• _TASK REQUIREMENTS_:
The lines needed are those below that contain the word "lemma"; copy each one.

* * * *

(* Let $n\ge1$, let $C$ be a cyclic group of order $n$ with generator $c_0$, and let $A$ be a finite abelian group with $A=\langle e_r\rangle\times\cdots\times\langle e_1\rangle$, where $e_i$ has order $d_i$. Let $G$ and $H$ be groups each containing $C$ as a central subgroup, with surjections $\pi_G:G\to A$, $\pi_H:H\to A$ with kernel $C$. Assume $\phi_G=\phi_H$, and that for each $1\le i\le r$ there exist $g_i\in G$, $h_i\in H$ with $\pi_G(g_i)=e_i=\pi_H(h_i)$ such that $g_i$ and $h_i$ have the same order, this order being either $d_i$ or $2d_i$. Then there exists a group isomorphism $f:G\to H$ which restricts to the identity on $C$ (in particular $f(c_0)=c_0$).
   Context: $[g,h]=ghg^{-1}h^{-1}$. For a group $G$ containing a central cyclic subgroup $C=\langle c_0\rangle$ of order $n$ with abelian quotient $A$ via $\pi_G$, the form $\phi_G:A\times A\to\mathbb{Z}/n$ is defined by $[\hat a,\hat b]=c_0^{\phi_G(a,b)}$ for any lifts $\hat a,\hat b$ of $a,b$ (this is independent of the lifts). *)

theory Defs
  imports "HOL-Algebra.Algebra"
begin

definition commutator :: "('a, 'm) monoid_scheme \<Rightarrow> 'a \<Rightarrow> 'a \<Rightarrow> 'a" where
  "commutator G g h = g \<otimes>\<^bsub>G\<^esub> h \<otimes>\<^bsub>G\<^esub> inv\<^bsub>G\<^esub> g \<otimes>\<^bsub>G\<^esub> inv\<^bsub>G\<^esub> h"

text \<open>The form phi_G : A x A -> Z/n, with values represented in {0..<n}:
  [a_hat, b_hat] = c0^(phi_G(a,b)) for (chosen) lifts a_hat, b_hat of a, b.\<close>
definition phi_form ::
  "('a, 'm) monoid_scheme \<Rightarrow> ('a \<Rightarrow> 'b) \<Rightarrow> 'a \<Rightarrow> nat \<Rightarrow> 'b \<Rightarrow> 'b \<Rightarrow> nat" where
  "phi_form G \<pi> c0 n a b =
     (THE k. k < n \<and>
        commutator G (SOME g. g \<in> carrier G \<and> \<pi> g = a) (SOME h. h \<in> carrier G \<and> \<pi> h = b)
          = c0 [^]\<^bsub>G\<^esub> k)"

definition is_internal_cyclic_decomp :: "('b, 'n) monoid_scheme \<Rightarrow> (nat \<Rightarrow> 'b) \<Rightarrow> nat \<Rightarrow> bool" where
  "is_internal_cyclic_decomp A e r \<longleftrightarrow>
     (\<forall>i\<in>{1..r}. e i \<in> carrier A) \<and>
     bij_betw (\<lambda>k. finprod A (\<lambda>i. e i [^]\<^bsub>A\<^esub> k i) {1..r})
       (Pi\<^sub>E {1..r} (\<lambda>i. {..<group.ord A (e i)})) (carrier A)"

end

theory Submission
  imports Defs
begin

text \<open>The fibre product M of G and H over A contains the diagonal copy D of C as a central
  subgroup. Since the forms of G and H agree, the commutator of two elements of M lies in D, so
  Q = M/D is abelian, and the first projection induces a homomorphism from Q onto A. The class
  q_i of (g_i, h_i) lies over e_i and satisfies q_i^d_i = 1: the powers g_i^d_i and h_i^d_i are
  both 1 or both the unique involution of the cyclic group C. As A is the direct product of the
  cyclic groups generated by the e_i, the assignment e_i \<mapsto> q_i extends to a section of Q \<rightarrow> A,
  and the preimage in M of its image is the graph of an isomorphism G \<rightarrow> H fixing C.\<close>

section \<open>Cyclic groups and commutators\<close>

lemma (in group) nat_pow_mod_eq:
  assumes "x \<in> carrier G" "x [^] d = \<one>"
  shows "x [^] (k mod d) = x [^] (k::nat)"
proof -
  have "x [^] k = x [^] (d * (k div d) + k mod d)" by simp
  also have "\<dots> = (x [^] d) [^] (k div d) \<otimes> x [^] (k mod d)"
    using assms(1) by (simp add: nat_pow_mult nat_pow_pow)
  also have "\<dots> = x [^] (k mod d)"
    using assms by simp
  finally show ?thesis by (rule sym)
qed

lemma (in group) cyclic_carrier_eq_powers:
  assumes "finite (carrier G)" "c \<in> carrier G" "subgroup_generated G {c} = G"
  shows "carrier G = (\<lambda>k. c [^] k) ` {..<ord c}"
proof -
  have "carrier G = generate G {c}"
    using carrier_subgroup_generated[of G "{c}"] assms by simp
  also have "\<dots> = {c [^] k | k. k \<in> {0..ord c - 1}}"
    using generate_pow_on_finite_carrier ord_elems assms by simp
  also have "\<dots> = (\<lambda>k. c [^] k) ` {..<ord c}"
    using ord_ge_1[OF assms(1,2)] by force
  finally show ?thesis .
qed

lemma (in group) cyclic_involution_unique:
  assumes "finite (carrier G)" "c \<in> carrier G" "subgroup_generated G {c} = G"
    and "x \<in> carrier G" "x \<otimes> x = \<one>" "x \<noteq> \<one>"
  shows "x = c [^] (ord c div 2)"
proof -
  obtain k where k: "k < ord c" "x = c [^] k"
    using cyclic_carrier_eq_powers[OF assms(1-3)] assms(4) by auto
  have "ord c dvd k + k"
    using assms(2,5) k(2) by (simp add: nat_pow_mult flip: pow_eq_id)
  moreover have "k \<noteq> 0" using assms(6) k(2) by (auto intro: gr0I)
  ultimately obtain m where m: "k + k = ord c * m" "m \<noteq> 0"
    by (metis dvdE add_is_0 mult_0_right)
  moreover have "ord c * m < ord c * 2" using k(1) m(1) by linarith
  ultimately have "k + k = ord c" using m(1) by (simp add: less_2_cases_iff)
  then show ?thesis using k(2) by (metis add_self_div_2)
qed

* * * *

• _FINAL ANSWER_:
lemma (in group) nat_pow_mod_eq:
lemma (in group) cyclic_carrier_eq_powers:
lemma (in group) cyclic_involution_unique:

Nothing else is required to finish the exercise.